On the second day of the implementation of the controversial carbon tax, the Labor-led government of Australia scored three points against the Opposition after three major Aussie companies aired their support for the measure.
In paid advertisements that came out Monday, Westpac, AGL and General Electric signed a series of newspaper ads to indicate their support for the carbon tax amid the scare campaign made by the Coalition. The three are among over 300 Australian companies that agreed to back the levy despite their membership in the Business Council of Australia (BCA) which is against the carbon tax.
While the BCA actually supports a carbon price theoretically, it is against the levy imposed by Labor due to its unworkable policy and at $23 per tonne, being one of the highest costs of carbon, BCA Deputy President Graham Bradley said.
However, Westpac said it had held the same viewpoint for over a decade. In the advert, the 300 firms said the carbon tax is an important piece of economic and environmental reform.
AGL described the carbon pricing scheme as the least costly way to invest in renewable energy. The firm spent $448 million to control its Loy Yang A power station in Victoria and its brown-coal mine. With that spending, AGL became entitled to $240-million compensation from the federal carbon assistance programme.
GE defended the carbon pricing as necessary for Australia to achieve long-term prosperity.
"This week, Australia stopped talking about carbon pricing and started doing something about it...Now it's about action rather than policy," The Australian quoted GE Australia Ecomagination Director Ben Waters.
He admitted consensus would be difficult to achieve on the carbon tax. Besides being a member of BCA, GE also belongs to the Clean Energy Council and Businesses for a Clean Economy, Mr Waters said.
The Australian Chamber of Commerce and Industry (ACCI) sided with the coalition in speaking against the carbon tax. The chamber said some companies such as AGL backed the carbon tax because it stood to benefit from investing in renewable energy, while others like Westpac are not affected by the measure.
"It is not a reflection of the mainstream business view. The ACCI represents the hundreds and thousands of small and middle-ranking businesses spread across the suburbs and regions of Australia who stand to lose under a carbon tax and consequent higher prices," The Australian quoted ACCI Economic Director Greg Evans.

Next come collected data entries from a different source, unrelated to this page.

lemma affected_walk:
  assumes G: "flow_graph V E s" and sv': "(s, v) \<in> (E - {(x, y)})\<^sup>*" and "v \<noteq> s"
    and u: "u = idom (E - {(x, y)}) s v" and d: "d = idom E s v" and "u \<noteq> d"
  shows "u \<noteq> s" "(s, x) \<in> (Restr E (- {u}))\<^sup>*" "(x, y) \<in> Restr E (- {u})"
    "(y, v) \<in> (Restr (E - {(x, y)}) (- {u, d}))\<^sup>*"
proof -
  let ?E' = "E - {(x, y)}"
  have sv: "(s, v) \<in> E\<^sup>*" using sv' rtrancl_mono[of ?E' E] by blast
  note idom = idom_spec[OF G sv \<open>v \<noteq> s\<close>, folded d]
  note idom' = idom_spec[OF flow_graph_Diff[OF G] sv' \<open>v \<noteq> s\<close>, folded u]
  have dv': "dominates ?E' s d v" using idom(2) sv' by (rule dominates_subgraph[rotated]) blast
  have du': "dominates ?E' s d u" using idom(1) dv' by (rule idom'(3))
  have u_not_dom_v: "\<not> dominates E s u v"
  proof
    assume "dominates E s u v"
    then have "dominates E s u d" using idom'(1) by (intro idom(3))
    then have "dominates ?E' s u d"
      using dominates_subgraph[of ?E' E s u d] dominates_imp_rtrancl[OF dv'] by blast
    with du' \<open>u \<noteq> d\<close> show False using dominates_antisym[of ?E' s u d] by blast
  qed
  then show "u \<noteq> s" using dominates_start[OF sv] by blast
  have "(s, u) \<in> E\<^sup>*"
    using dominates_imp_rtrancl[OF idom'(2)] rtrancl_mono[of ?E' E] by blast
  with u_not_dom_v sv \<open>u \<noteq> s\<close> have walk: "(s, v) \<in> (Restr E (- {u}))\<^sup>*"
    by (simp add: dominates_iff)
  have no_walk': "(s, v) \<notin> (Restr ?E' (- {u}))\<^sup>*"
    using idom'(2) \<open>u \<noteq> s\<close> by (simp add: dominates_iff)
  have "Restr ?E' (- {u}) = Restr E (- {u}) - {(x, y)}" by blast
  with rtrancl_Diff_edge[OF walk, of x y] no_walk'
  have "(s, x) \<in> (Restr E (- {u}))\<^sup>*" "(x, y) \<in> Restr E (- {u})"
    and yv: "(y, v) \<in> (Restr ?E' (- {u}))\<^sup>*"
    by auto
  then show "(s, x) \<in> (Restr E (- {u}))\<^sup>*" "(x, y) \<in> Restr E (- {u})" by blast+
  have "(s, d) \<in> (Restr ?E' (- {u}))\<^sup>*"
    using du' \<open>u \<noteq> d\<close> \<open>u \<noteq> s\<close> dominates_imp_rtrancl[OF du'] dominates_antisym[of ?E' s d u]
    by (auto simp: dominates_iff)
  with no_walk' have no_walk_from_d: "(d, v) \<notin> (Restr ?E' (- {u}))\<^sup>*"
    using rtrancl_trans[of s d "Restr ?E' (- {u})" v] by blast
  have "Restr (Restr ?E' (- {u})) (- {d}) = Restr ?E' (- {u, d})" by blast
  moreover have "(d, v) \<in> (Restr ?E' (- {u}))\<^sup>*"
    if "(d, e) \<in> Restr ?E' (- {u})" "(e, v) \<in> (Restr (Restr ?E' (- {u})) (- {d}))\<^sup>*" for e
    using that rtrancl_mono[of "Restr (Restr ?E' (- {u})) (- {d})" "Restr ?E' (- {u})"]
    by (meson Int_lower1 converse_rtrancl_into_rtrancl subsetD)
  ultimately show "(y, v) \<in> (Restr ?E' (- {u, d}))\<^sup>*"
    using rtrancl_Restr_entry[OF yv, of "- {d}"] idom(1) no_walk_from_d by auto
qed
(* Let $X$ be a shift space over $\mathcal{A}$ and let $v\in\mathcal{L}(X)$ be a dendric bispecial factor. An injective and strongly left proper morphism $\sigma:\mathcal{A}^*\to\mathcal{B}^*$ is dendric preserving for $v$ if and only if (1) for every $s\in\mathcal{T}^-_v(\sigma)\setminus\{s_0\}$, the graph $\mathcal{E}_{X,s,p_0}(v)$ is a tree, and (2) for every $p\in\mathcal{T}^+_v(\sigma)\setminus\{p_0\}$, the graph $\mathcal{E}_{X,s_0,p}(v)$ is a tree.
   Context: A shift space over $\mathcal{A}$ is a closed shift-invariant $X\subseteq\mathcal{A}^{\mathbb{Z}}$ in which all letters occur, with factor set $\mathcal{L}(X)$. For $w\in\mathcal{L}(X)$: $E^-_X(w)=\{a:aw\in\mathcal{L}(X)\}$, $E^+_X(w)=\{b:wb\in\mathcal{L}(X)\}$, $E_X(w)=\{(a,b):awb\in\mathcal{L}(X)\}$; $\mathcal{E}_X(w)$ is the bipartite graph on left vertices $E^-_X(w)$ and right vertices $E^+_X(w)$ with edge set $E_X(w)$; $w$ is bispecial if $\#E^-_X(w)\ge2$ and $\#E^+_X(w)\ge2$; $w$ is dendric if $\mathcal{E}_X(w)$ is a tree. Morphisms are non-erasing; $\sigma$ is strongly left proper with first letter $\ell$ if every $\sigma(a)$ begins with $\ell$ and contains $\ell$ exactly once. The image of $X$ under $\sigma$ is $Y=\{S^k\sigma(x):x\in X,0\le k<|\sigma(x_0)|\}$. For non-empty $u\in\mathcal{L}(Y)$ containing $\ell$, there is a unique triple $(s,v,p)$, $v\in\mathcal{L}(X)$, $u=s\sigma(v)p$, with $s$ a proper suffix of $\sigma(a)$ and $p$ a non-empty prefix of $\sigma(b)$ for some $(a,b)\in E_X(v)$; $u$ is then an extended image of $v$. $\sigma$ is dendric preserving for $v$ if every bispecial extended image $u$ of $v$ is dendric in $Y$. Notation: $s(a_1,a_2)$/$p(b_1,b_2)$: longest common suffix of $\sigma(a_1),\sigma(a_2)$ / longest common prefix of $\sigma(b_1),\sigma(b_2)$. $\mathcal{T}^-_v(\sigma)=\{s(a_1,a_2):a_1\ne a_2\in E^-_X(v)\}$, $\mathcal{T}^+_v(\sigma)=\{p(b_1,b_2):b_1\ne b_2\in E^+_X(v)\}$; $s_0$ is the shortest element of $\mathcal{T}^-_v(\sigma)\cup\sigma(E^-_X(v))$ and $p_0$ the shortest element of $\mathcal{T}^+_v(\sigma)\cup\sigma(E^+_X(v))\ell$. For words $x,y$: $E^-_{X,x}(v)=\{a\in E^-_X(v):\sigma(a)\in\mathcal{B}^*x\}$, $E^+_{X,y}(v)=\{b\in E^+_X(v):\sigma(b)\ell\in y\mathcal{B}^*\}$, $E_{X,x,y}(v)=E_X(v)\cap(E^-_{X,x}(v)\times E^+_{X,y}(v))$, and $\mathcal{E}_{X,x,y}(v)$ is the subgraph of $\mathcal{E}_X(v)$ with edge set $E_{X,x,y}(v)$ and vertex set the vertices incident to these edges. *)

theory Defs
  imports Main "HOL-Library.Sublist"
begin

definition occurs_at :: "'a list \<Rightarrow> (int \<Rightarrow> 'a) \<Rightarrow> int \<Rightarrow> bool" where
  "occurs_at w x i \<longleftrightarrow> (\<forall>k<length w. x (i + int k) = w ! k)"

definition lang :: "(int \<Rightarrow> 'a) set \<Rightarrow> 'a list set" where
  "lang X = {w. \<exists>x\<in>X. \<exists>i. occurs_at w x i}"

definition shift_map :: "(int \<Rightarrow> 'a) \<Rightarrow> (int \<Rightarrow> 'a)" where
  "shift_map x = (\<lambda>n. x (n + 1))"

text \<open>Closed in the product topology of discrete spaces: every sequence that agrees with
  elements of X on arbitrarily large central windows belongs to X.\<close>
definition closed_seqs :: "(int \<Rightarrow> 'a) set \<Rightarrow> bool" where
  "closed_seqs X \<longleftrightarrow>
     (\<forall>y. (\<forall>n::nat. \<exists>x\<in>X. \<forall>i. \<bar>i\<bar> \<le> int n \<longrightarrow> x i = y i) \<longrightarrow> y \<in> X)"

definition shift_space :: "(int \<Rightarrow> 'a) set \<Rightarrow> bool" where
  "shift_space X \<longleftrightarrow> closed_seqs X \<and> shift_map ` X = X \<and> (\<forall>a. [a] \<in> lang X)"

definition left_ext :: "(int \<Rightarrow> 'a) set \<Rightarrow> 'a list \<Rightarrow> 'a set" where
  "left_ext X w = {a. a # w \<in> lang X}"

definition right_ext :: "(int \<Rightarrow> 'a) set \<Rightarrow> 'a list \<Rightarrow> 'a set" where
  "right_ext X w = {b. w @ [b] \<in> lang X}"

definition ext :: "(int \<Rightarrow> 'a) set \<Rightarrow> 'a list \<Rightarrow> ('a \<times> 'a) set" where
  "ext X w = {(a, b). a # w @ [b] \<in> lang X}"

definition bispecial :: "(int \<Rightarrow> 'a) set \<Rightarrow> 'a list \<Rightarrow> bool" where
  "bispecial X w \<longleftrightarrow> w \<in> lang X \<and> card (left_ext X w) \<ge> 2 \<and> card (right_ext X w) \<ge> 2"
lemma sigsas_solution_diff_le:
  assumes z: "z \<in> KM M" "0 < M" and "0 < lam"
    and x: "sigsas_solution lam l p I0 z x" "\<forall>t\<le>0. tnorm p (l+1) (x t) \<le> Cx"
    and y: "sigsas_solution lam l p I0 z y" "\<forall>t\<le>0. tnorm p (l+1) (y t) \<le> Cy"
  shows "\<forall>t\<le>0. \<forall>is\<in>tidx p (l+1). \<bar>x t is - y t is\<bar> \<le> (lam * Mtilde M p) ^ n * (Cx + Cy)"
proof (induction n)
  case 0
  show ?case
  proof (intro allI impI ballI)
    fix t :: int and "is" assume "t \<le> 0" "is \<in> tidx p (l+1)"
    then have "\<bar>x t is\<bar> \<le> Cx" "\<bar>y t is\<bar> \<le> Cy"
      using x(2) y(2) abs_coeff_le_tnorm order_trans by blast+
    then show "\<bar>x t is - y t is\<bar> \<le> (lam * Mtilde M p) ^ 0 * (Cx + Cy)"
      by simp
  qed
next
  case (Suc n)
  show ?case
  proof (intro allI impI ballI)
    fix t :: int and "is" assume t: "t \<le> 0" and "is": "is \<in> tidx p (l+1)"
    let ?js = "0 # butlast is"
    have "\<bar>x t is - y t is\<bar> = lam * \<bar>x (t - 1) ?js - y (t - 1) ?js\<bar> * \<bar>z t\<bar> ^ last is"
      using sigsas_solution_coeff[OF x(1) t, of "is"] sigsas_solution_coeff[OF y(1) t, of "is"] "is" \<open>0 < lam\<close>
      by (simp add: abs_mult power_abs flip: right_diff_distrib left_diff_distrib)
    also have "\<dots> \<le> lam * \<bar>x (t - 1) ?js - y (t - 1) ?js\<bar> * Mtilde M p"
      using z t last_le_of_in_tidx[OF "is"] \<open>0 < lam\<close>
      by (intro mult_left_mono abs_power_le_Mtilde) (auto simp: KM_def)
    also have "\<dots> \<le> lam * ((lam * Mtilde M p) ^ n * (Cx + Cy)) * Mtilde M p"
      using Suc t Cons_0_butlast_in_tidx[OF "is"] \<open>0 < lam\<close> one_le_Mtilde[OF z(2), of p]
      by (intro mult_right_mono mult_left_mono) auto
    also have "\<dots> = (lam * Mtilde M p) ^ Suc n * (Cx + Cy)"
      by (simp add: algebra_simps)
    finally show "\<bar>x t is - y t is\<bar> \<le> (lam * Mtilde M p) ^ Suc n * (Cx + Cy)" .
  qed
qed

lemma nonpos_if_le_geometric:
  fixes a q C :: real
  assumes "\<And>n. a \<le> q ^ n * C" "0 \<le> q" "q < 1"
  shows "a \<le> 0"
proof -
  have "(\<lambda>n. q ^ n * C) \<longlonglongrightarrow> 0 * C"
    using assms by (intro tendsto_mult LIMSEQ_power_zero tendsto_const) auto
  then show ?thesis
    using assms(1) by (intro LIMSEQ_le_const) auto
qed

lemma sigsas_solution_unique:
  assumes "z \<in> KM M" "0 < M" "0 < lam" "lam * Mtilde M p < 1"
    and x: "sigsas_solution lam l p I0 z x" and y: "sigsas_solution lam l p I0 z y"
    and t: "t \<le> 0"
  shows "x t = y t"
proof
  fix "is"
  obtain Cx Cy where "\<forall>t\<le>0. tnorm p (l+1) (x t) \<le> Cx" "\<forall>t\<le>0. tnorm p (l+1) (y t) \<le> Cy"
    using x y unfolding sigsas_solution_def by blast
  note diff_le = sigsas_solution_diff_le[OF assms(1-3) x this(1) y this(2)]
  show "x t is = y t is"
  proof (cases "is \<in> tidx p (l+1)")
    case True
    have "\<bar>x t is - y t is\<bar> \<le> 0"
      using diff_le t True assms(3,4) one_le_Mtilde[OF assms(2), of p]
      by (intro nonpos_if_le_geometric[of _ "lam * Mtilde M p" "Cx + Cy"]) auto
    then show ?thesis by simp
  qed (simp add: sigsas_solution_outside_tidx[OF x t] sigsas_solution_outside_tidx[OF y t])
qed

lemma sigsas_solution_weighted_zhat:
  assumes z: "z \<in> KM M" "0 < M" and lam: "0 < lam" "lam < 1" and "0 \<in> I0"
  shows "sigsas_solution lam l p I0 z (\<lambda>s is. sigsas_weight lam l I0 is * zhat l p z s is)"
    (is "sigsas_solution _ _ _ _ _ ?x")
  unfolding sigsas_solution_def
proof (intro conjI allI impI ext)
  fix s :: int and "is"
  show "?x s is = lam * tensor_vec l p (proj (?x (s - 1))) (z s) is + zhat0 l p I0 (z s) is"
  proof (cases "is \<in> tidx p (l+1)")
    case True
    then have "length is = l + 1" "is \<noteq> []"
      by (auto simp: tidx_def)
    then have "sigsas_weight lam l I0 is
        = lam * sigsas_weight lam l I0 (0 # butlast is) + zhat0_indicator l I0 is"
      using sigsas_weight_rec \<open>0 \<in> I0\<close> lam(2) shift_right_eq_Cons_butlast by force
    then show ?thesis
      using True zhat_shift[OF True, of z s] zhat0_eq_indicator_mult_zhat[OF True, of I0 z s]
      by (simp add: tensor_vec_def proj_def algebra_simps)
  qed (simp add: zhat_def tensor_vec_def zhat0_def)
next
  let ?B = "((\<Sum>k\<le>l. lam ^ k) + lam ^ (l+1) / (1 - lam)) * Mtilde M p ^ (l+1)"
  have "\<bar>?x s is\<bar> \<le> ?B" if "s \<le> 0" for s "is"
  proof -
    have "0 < sigsas_weight lam l I0 is" "sigsas_weight lam l I0 is \<le> (\<Sum>k\<le>l. lam ^ k) + lam ^ (l+1) / (1 - lam)"
      using sigsas_weight_pos[OF lam] sigsas_weight_le[OF lam(1)] by auto
    then show ?thesis
      unfolding abs_mult using abs_zhat_le[OF z that] by (intro mult_mono) auto
  qed
  then have "tnorm p (l+1) (?x s) \<le> sqrt (\<Sum>is\<in>tidx p (l+1). ?B\<^sup>2)" if "s \<le> 0" for s
    using that by (intro tnorm_le_of_abs_coeff_le)
  then show "\<exists>C. \<forall>s\<le>0. tnorm p (l+1) (?x s) \<le> C"
    by blast
qed

lemma U_sigsas_eqI:
  assumes "sigsas_solution lam l p I0 z x"
    and "\<And>y. sigsas_solution lam l p I0 z y \<Longrightarrow> y t = x t"
  shows "U_sigsas lam l p I0 z t = x t"
  unfolding U_sigsas_def using assms by (intro the_equality) blast+

lemma U_sigsas_eq_weighted_zhat:
  assumes "z \<in> KM M" "0 < M" "0 < lam" "lam < 1" "lam * Mtilde M p < 1" "0 \<in> I0" "t \<le> 0"
  shows "U_sigsas lam l p I0 z t = (\<lambda>is. sigsas_weight lam l I0 is * zhat l p z t is)"
proof -
  let ?x = "\<lambda>s is. sigsas_weight lam l I0 is * zhat l p z s is"
  have sol: "sigsas_solution lam l p I0 z ?x"
    using sigsas_solution_weighted_zhat[OF assms(1-4,6)] .
  have "U_sigsas lam l p I0 z t = ?x t"
    by (rule U_sigsas_eqI[OF sol]) (rule sigsas_solution_unique[OF assms(1-3,5) _ sol assms(7)])
  then show ?thesis by simp
qed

The Opposition belittled the list of 300 carbon tax backers since aside from AGL which is the only apparent liable entity, the rest are smaller enterprises none of whom are liable to pay the $23 per tonne carbon price. The Coalition pointed to a small businessman that operates from a house in Neutral Bay, an Erskinville physiotherapist, the Byron Bay Film Festival, and an online marketing firm that sells vegan make-up brushes, a Sydney dentist, an acting school, a fish and chip store and a company in Murwillumbah that sells paper crafted from elephant dung as the backers of the carbon tax that belong to the Businesses for a Clean Economy which came out with the newspaper ads.
Nathan Fabian, spokesman of the group, said it allowed small or single-person entities to take part in the paid ad to hear their voice since many companies prefer to keep a low profile on the issue amid the political debate.
While many Aussie firms complain of the high price of the carbon tax, considered one of the costliest in the world, they could actually purchase half of their permits overseas which are considered much lower than Australia's price. The EU carbon price is at €8.5 or $A10.50 per tonne.
The Treasury said it expects Australian firms to source 28 per cent of their permits overseas but when the cap is lifted in 2015, the percentage would likely spike.